Richard Dawkins proved himself brave enough to stand behind his ideas... even in Lynchburg.

His talk and Q & A session at the other school in that town, Randolph-Macon Women's College, predictably drew the Liberty U. God-pimps out in force. Very interesting stuff really; an alien anthropologist on a first field study of this planet might learn something.

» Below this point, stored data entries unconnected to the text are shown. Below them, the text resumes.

lemma card_words_less_pow:
  assumes "R > exp (htop N A)"
  shows "\<exists>m0. \<forall>m\<ge>m0. real (card (words N A m)) < R ^ m"
proof -
  have R: "R > 0" using assms by (meson exp_gt_zero less_trans)
  then have "htop N A < ln R" using assms by (metis exp_less_cancel_iff exp_ln)
  then obtain m0 where m0: "\<forall>m\<ge>m0. ln (real (card (words N A m))) / real m < ln R"
    using order_tendstoD(2)[OF ln_card_words_tendsto_htop] by (auto simp: eventually_sequentially)
  have "real (card (words N A m)) < R ^ m" if "m \<ge> max 1 m0" for m
  proof -
    have "ln (real (card (words N A m))) / real m < ln R" "real m > 0" using m0 that by auto
    then have "ln (real (card (words N A m))) < real m * ln R" by (simp add: divide_less_eq mult.commute)
    then have "exp (ln (real (card (words N A m)))) < exp (real m * ln R)" by simp
    then show ?thesis using card_words_pos[of m] R by (simp add: exp_of_nat_mult)
  qed
  then show ?thesis by blast
qed

lemma word_length_with_few_words:
  assumes "R > exp (htop N A)" "R > 1"
  shows "\<exists>X. \<forall>x\<ge>X. \<exists>m\<ge>m1. real (card (words N A m)) < x \<and> real m > ln x / ln R - 1"
proof -
  obtain m0 where m0: "\<forall>m\<ge>m0. real (card (words N A m)) < R ^ m"
    using card_words_less_pow[OF assms(1)] by blast
  show ?thesis
  proof (intro exI[of _ "exp ((real (max m0 m1) + 1) * ln R)"] allI impI)
    fix x assume x: "exp ((real (max m0 m1) + 1) * ln R) \<le> x"
    then have x0: "x > 0" using exp_gt_zero order_less_le_trans by blast
    define m where "m = nat \<lfloor>ln x / ln R\<rfloor>"
    have "(real (max m0 m1) + 1) * ln R \<le> ln x" using x x0 by (simp add: ln_ge_iff)
    then have "real (max m0 m1) + 1 \<le> ln x / ln R" using assms(2) by (simp add: field_simps)
    then have m: "real m \<le> ln x / ln R" "real m > ln x / ln R - 1" "m \<ge> m0" "m \<ge> m1"
      unfolding m_def by linarith+
    have "real (card (words N A m)) < R ^ m" using m0 m(3) by blast
    also have "\<dots> = exp (real m * ln R)" using assms(2) by (simp add: exp_of_nat_mult)
    also have "\<dots> \<le> x" using m(1) assms(2) x0 by (simp add: field_simps ln_ge_iff[symmetric])
    finally show "\<exists>m\<ge>m1. real (card (words N A m)) < x \<and> real m > ln x / ln R - 1"
      using m(2,4) by blast
  qed
qed

lemma approx_num_Lpow_0_le:
  assumes "g \<in> Vsp N A" "condH N A \<Theta> b1 b2 g" "b1 > 0" "b2 > 0" "n \<ge> 1"
  shows "approx_num N A \<Theta> n (Lop N A g ^^ 0) \<le> 1"
proof -
  have "bounded_op N A \<Theta> (\<lambda>\<phi> \<omega>. 0)" unfolding bounded_op_def using zero_Bsp by (auto intro!: exI[of _ 0])
  moreover have "rank_lt N A \<Theta> (\<lambda>\<phi> \<omega>. 0) n" unfolding rank_lt_def using assms(5) by (intro exI[of _ 0]) auto
  ultimately have "approx_num N A \<Theta> n (Lop N A g ^^ 0) \<le> opnorm N A \<Theta> (\<lambda>\<phi> \<omega>. (Lop N A g ^^ 0) \<phi> \<omega> - 0)"
    by (rule approx_num_le_opnorm[OF Lpow_bounded_op[OF assms(1-4)]])
  also have "\<dots> \<le> 1" by (rule opnorm_le) simp
  finally show ?thesis .
qed

lemma approx_num_Lpow_le_r_pow:
  assumes g: "g \<in> Vsp N A" "condH N A \<Theta> b1 b2 g" "b1 > 0" "b2 > 0"
    and "card (words N A m) < n" "m \<ge> 2 * q + k0"
  shows "approx_num N A \<Theta> n (Lop N A g ^^ q)
    \<le> M b1 b2 ^ q * ((2 * P * D1 ^ q + 2 * real q + 1) * r ^ (2 * q * (m - q)))"
proof -
  have "(2 * real q + 1) * theta_pow m \<le> (2 * real q + 1) * r ^ (2 * q * (m - q))"
    using theta_pow_le_r_pow[OF assms(6)] by (intro mult_left_mono) auto
  then have "2 * P * D1 ^ q * r ^ (2 * q * (m - q)) + (2 * real q + 1) * theta_pow m
      \<le> (2 * P * D1 ^ q + 2 * real q + 1) * r ^ (2 * q * (m - q))"
    by (simp add: algebra_simps)
  with approx_num_Lpow_le[OF g assms(5), of q] M_bounds[OF g(3,4)] show ?thesis
    by (meson order_trans mult_left_mono zero_le_power less_imp_le)
qed
lemma connected_graph_uniform_influence:
  assumes "connected_graph m E" "undirected_graph m E" "0 < m"
  shows "\<exists>B. \<forall>j<m. (0, j) \<in> influence m E ^^ B"
proof -
  have "graph_edges m E \<subseteq> influence m E"
    using \<open>undirected_graph m E\<close>
    by (auto simp: graph_edges_def influence_def undirected_graph_def)
  moreover have "(0, j) \<in> (graph_edges m E)\<^sup>*" if "j < m" for j
    using assms(1,3) that unfolding connected_graph_def by simp
  ultimately have "\<exists>n. (0, j) \<in> influence m E ^^ n" if "j < m" for j
    using that rtrancl_mono rtrancl_power by blast
  then obtain n where n: "\<And>j. j < m \<Longrightarrow> (0, j) \<in> influence m E ^^ n j" by metis
  have "(0, j) \<in> influence m E ^^ (\<Sum>l<m. n l)" if "j < m" for j
  proof (rule relpow_pad_loop[OF n[OF that]])
    show "(j, j) \<in> influence m E" using that by (simp add: influence_def)
    show "n j \<le> (\<Sum>l<m. n l)" using that by (intro member_le_sum) auto
  qed
  then show ?thesis by blast
qed

locale graph_stochastic_weights =
  fixes m :: nat and E :: "nat \<Rightarrow> nat \<Rightarrow> bool" and \<eta> :: real
    and a :: "nat \<Rightarrow> nat \<Rightarrow> nat \<Rightarrow> real"
  assumes row_sum: "i < m \<Longrightarrow> (\<Sum>j<m. a t i j) = 1"
    and nonneg: "i < m \<Longrightarrow> j < m \<Longrightarrow> 0 \<le> a t i j"
    and diag_ge: "i < m \<Longrightarrow> \<eta> \<le> a t i i"
    and edge_ge: "i < m \<Longrightarrow> j < m \<Longrightarrow> E i j \<Longrightarrow> \<eta> \<le> a t i j"
    and eta_pos: "0 < \<eta>"
    and agents: "0 < m"
begin

lemma eta_le_one: "\<eta> \<le> 1"
proof -
  have "a t 0 0 \<le> (\<Sum>j<m. a t 0 j)"
    using nonneg agents by (intro member_le_sum) auto
  then show ?thesis using diag_ge[of 0 t] row_sum[of 0 t] agents by linarith
qed

lemma influence_ge: "(l, j) \<in> influence m E \<Longrightarrow> \<eta> \<le> a t j l"
  unfolding influence_def using diag_ge edge_ge by auto

lemma lower_bound_propagation:
  fixes z :: "nat \<Rightarrow> nat \<Rightarrow> real"
  assumes step: "\<And>t i. i < m \<Longrightarrow> (\<Sum>j<m. a t i j * z t j) - \<epsilon> t \<le> z (Suc t) i"
    and lo: "\<And>j. j < m \<Longrightarrow> lo \<le> z k j" and "p < m" and "j < m"
  shows "lo - (\<Sum>t<s. \<epsilon> (k + t))
           + (if (p, j) \<in> influence m E ^^ s then \<eta> ^ s * (z k p - lo) else 0) \<le> z (k + s) j"
  using \<open>j < m\<close>
proof (induction s arbitrary: j)
  case 0
  then show ?case using lo by (auto simp: \<open>p < m\<close>)
next
  case (Suc s)
  define \<delta> where "\<delta> = z k p - lo"
  define base where "base = lo - (\<Sum>t<s. \<epsilon> (k + t))"
  define margin where "margin l = (if (p, l) \<in> influence m E ^^ s then \<eta> ^ s * \<delta> else 0)" for l
  have margin_nonneg: "0 \<le> margin l" for l
    using lo[OF \<open>p < m\<close>] eta_pos by (simp add: margin_def \<delta>_def)
  have average: "(\<Sum>l<m. a (k + s) j l * (base + margin l)) = base + (\<Sum>l<m. a (k + s) j l * margin l)"
    using row_sum[OF Suc.prems] by (simp add: distrib_left sum.distrib sum_distrib_right[symmetric])
  have gain: "(if (p, j) \<in> influence m E ^^ Suc s then \<eta> ^ Suc s * \<delta> else 0)
      \<le> (\<Sum>l<m. a (k + s) j l * margin l)"
  proof (cases "(p, j) \<in> influence m E ^^ Suc s")
    case True
    then obtain l where l: "(p, l) \<in> influence m E ^^ s" "(l, j) \<in> influence m E"
      by (rule relpow_Suc_E)
    then have "l < m" by (auto simp: influence_def)
    have "\<eta> ^ Suc s * \<delta> \<le> a (k + s) j l * margin l"
      using l influence_ge[OF l(2)] margin_nonneg[of l]
      by (simp add: margin_def mult.assoc mult_right_mono)
    also have "\<dots> \<le> (\<Sum>l<m. a (k + s) j l * margin l)"
      using \<open>l < m\<close> Suc.prems nonneg margin_nonneg
      by (intro member_le_sum mult_nonneg_nonneg) auto
    finally show ?thesis using True by simp
  next
    case False
    then show ?thesis
      using Suc.prems nonneg margin_nonneg by (auto intro!: sum_nonneg)
  qed
  have "base + margin l \<le> z (k + s) l" if "l < m" for l
    using Suc.IH[OF that] by (cases "(p, l) \<in> influence m E ^^ s") (simp_all add: base_def margin_def \<delta>_def)
  then have "(\<Sum>l<m. a (k + s) j l * (base + margin l)) \<le> (\<Sum>l<m. a (k + s) j l * z (k + s) l)"
    using Suc.prems nonneg by (intro sum_mono mult_left_mono) auto
  then show ?case
    using average gain step[OF Suc.prems, of "k + s"]
    unfolding base_def \<delta>_def sum.lessThan_Suc add_Suc_right by linarith
qed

Richard Dawkins in Lynchburg


if it's a yes or no question,
I nod or shake my head.
Often makes people shut up

Nora said...

That's fantastic.

Mose23 said...

Brilliant closing line.

Lord Charlie said...

I know the feeling Nin describes. For a while I would identify myself as "medieval historian" to discourage loquacious neighbors on flights to anywhere. (That was Auden's suggestion.) I have also tried "philatelist" (more trouble than it's worth) and "I work for the Ottawa Tourism Association." The single worst thing you can say is "poet and editor" -- unless it's not true. God help you if it is.